- Interactive map of Bhanda Peeran
- Country: Pakistan
- Province: Khyber Pakhtunkhwa
- District: Mansehra
- Time zone: UTC+5 (PST)

= Banda Piran =

Banda Piran or Bhanda Peeran (Urdu: بانڈه بيران) is a village of Mansehra District in the Khyber Pakhtunkhwa province of Pakistan. The River Siran flows from north to south of the village where mostly farmers use its water for agricultural purposes.

== History ==
The Commonwealth War Graves Commission has details of a Sepoy with the surname Kachkol of the Royal Indian Army Service Corps who died in October 1943 during World War 2 in Burma - he is recorded as being the son of Nawab and Suban Jan; husband of Sosan Jan, of Banda Piran, Hazara.
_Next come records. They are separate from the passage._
theorem lefschetz_fixed_cliques:
  assumes V: "finite V" and T: "graph_endo V E T"
  shows "lefschetz V E T = - (\<Sum>\<sigma> | clique V E \<sigma> \<and> T ` \<sigma> = \<sigma>. cycle_parity T \<sigma>)"
proof -
  define w where "w = (\<lambda>\<sigma>. (-1) ^ (card \<sigma> - 1) * simplex_cochain \<sigma> (map T (list_of \<sigma>)))"
  have card: "card \<sigma> \<noteq> 0" "card \<sigma> \<le> card V" if "clique V E \<sigma>" for \<sigma>
    using that finite_clique[OF V that] V by (auto simp: clique_def card_mono)
  have simplices_eq: "simplices V E p = {\<sigma> \<in> {\<sigma>. clique V E \<sigma>}. card \<sigma> - 1 = p}" for p
    using card by (force simp: simplices_def)
  have "lefschetz V E T = (\<Sum>p\<le>card V. \<Sum>\<sigma>\<in>simplices V E p. w \<sigma>)"
    unfolding hopf_trace_formula[OF V T] cochain_trace[OF V T] sum_distrib_left
    by (intro sum.cong refl) (simp add: w_def simplices_def)
  also have "\<dots> = (\<Sum>\<sigma> | clique V E \<sigma>. w \<sigma>)"
    unfolding simplices_eq using card
    by (intro sum.group finite_cliques V) (auto intro: le_trans[OF diff_le_self])
  also have "\<dots> = (\<Sum>\<sigma> | clique V E \<sigma> \<and> T ` \<sigma> = \<sigma>. - cycle_parity T \<sigma>)"
  proof -
    have "w \<sigma> = (if T ` \<sigma> = \<sigma> then - cycle_parity T \<sigma> else 0)" if "clique V E \<sigma>" for \<sigma>
      using card[OF that] finite_clique[OF V that]
      by (cases "card \<sigma>") (simp_all add: w_def simplex_cochain_map cycle_parity_def)
    hence "(\<Sum>\<sigma> | clique V E \<sigma>. w \<sigma>)
        = (\<Sum>\<sigma> | clique V E \<sigma>. if T ` \<sigma> = \<sigma> then - cycle_parity T \<sigma> else 0)"
      by (intro sum.cong) auto
    also have "\<dots> = (\<Sum>\<sigma> \<in> {\<sigma> \<in> {\<sigma>. clique V E \<sigma>}. T ` \<sigma> = \<sigma>}. - cycle_parity T \<sigma>)"
      by (rule sum.inter_filter[OF finite_cliques[OF V], symmetric])
    finally show ?thesis by simp
  qed
  finally show ?thesis by (simp add: sum_negf)
qed

section \<open>Cycle parities of invariant subsets\<close>

definition invariant_subsets :: "('a \<Rightarrow> 'a) \<Rightarrow> 'a set \<Rightarrow> 'a set set" where
  "invariant_subsets f Y = {U. U \<subseteq> Y \<and> f ` U = U}"

lemma finite_invariant_subsets: "finite Y \<Longrightarrow> finite (invariant_subsets f Y)"
  by (rule finite_subset[of _ "Pow Y"]) (auto simp: invariant_subsets_def)

lemma invariant_subsets_of_member:
  "A' \<in> invariant_subsets f A \<Longrightarrow> invariant_subsets f A' = {A'' \<in> invariant_subsets f A. A'' \<subseteq> A'}"
  unfolding invariant_subsets_def by blast

lemma bij_betw_invariant: "finite U \<Longrightarrow> f ` U = U \<Longrightarrow> bij_betw f U U"
  unfolding bij_betw_def by (auto intro: eq_card_imp_inj_on)

lemma image_Diff_invariant:
  "finite Y \<Longrightarrow> f ` Y = Y \<Longrightarrow> U \<subseteq> Y \<Longrightarrow> f ` U = U \<Longrightarrow> f ` (Y - U) = Y - U"
  using inj_on_image_set_diff[of f Y Y U] bij_betw_invariant[of Y f] by (auto simp: bij_betw_def)

lemma sign_cycle_of_list: "distinct cs \<Longrightarrow> sign (cycle_of_list cs) = (-1) ^ (length cs - 1)"
proof (induction cs rule: cycle_of_list.induct)
  case (1 i j cs)
  have "sign (cycle_of_list (i # j # cs))
      = sign (Transposition.transpose i j) * sign (cycle_of_list (j # cs))"
    unfolding cycle_of_list.simps(1) by (rule sign_compose[OF permutation_swap_id permutation_of_cycle])
  with 1 show ?case by (simp add: sign_swap_id del: cycle_of_list.simps)
qed simp_all

lemma sign_on_Un:
  assumes "finite U" "finite W" "U \<inter> W = {}" "f ` U = U" "f ` W = W"
  shows "sign_on (U \<union> W) f = sign_on U f * sign_on W f"
proof -
  have "restrict_id f (U \<union> W) = restrict_id f U \<circ> restrict_id f W"
    using assms(3,5) by (auto simp: fun_eq_iff restrict_id_def)
  moreover have "permutation (restrict_id f X)" if "finite X" "f ` X = X" for X
    using permutes_imp_permutation[OF that(1) permutes_restrict_id[OF bij_betw_invariant[OF that]]] .
  ultimately show ?thesis using assms by (simp add: sign_on_def sign_compose)
qed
Following the 2005 earthquake hundreds of people in Banda Piran took to the streets in heavy rain to protest the lack of action by the government to rebuild infrastructure and also for police action to tackle rising crime.

== Etymology ==
Banda Piran, also known as Peran Da Bandha in Hindko and Peer Keeley in Pushto, means "The Land of Saints." Banda means land and piran means saints similarly peer means saint and kalay means village. Historians say that Muslim Saints used to live in this area at the beginning of the 15^{th} century.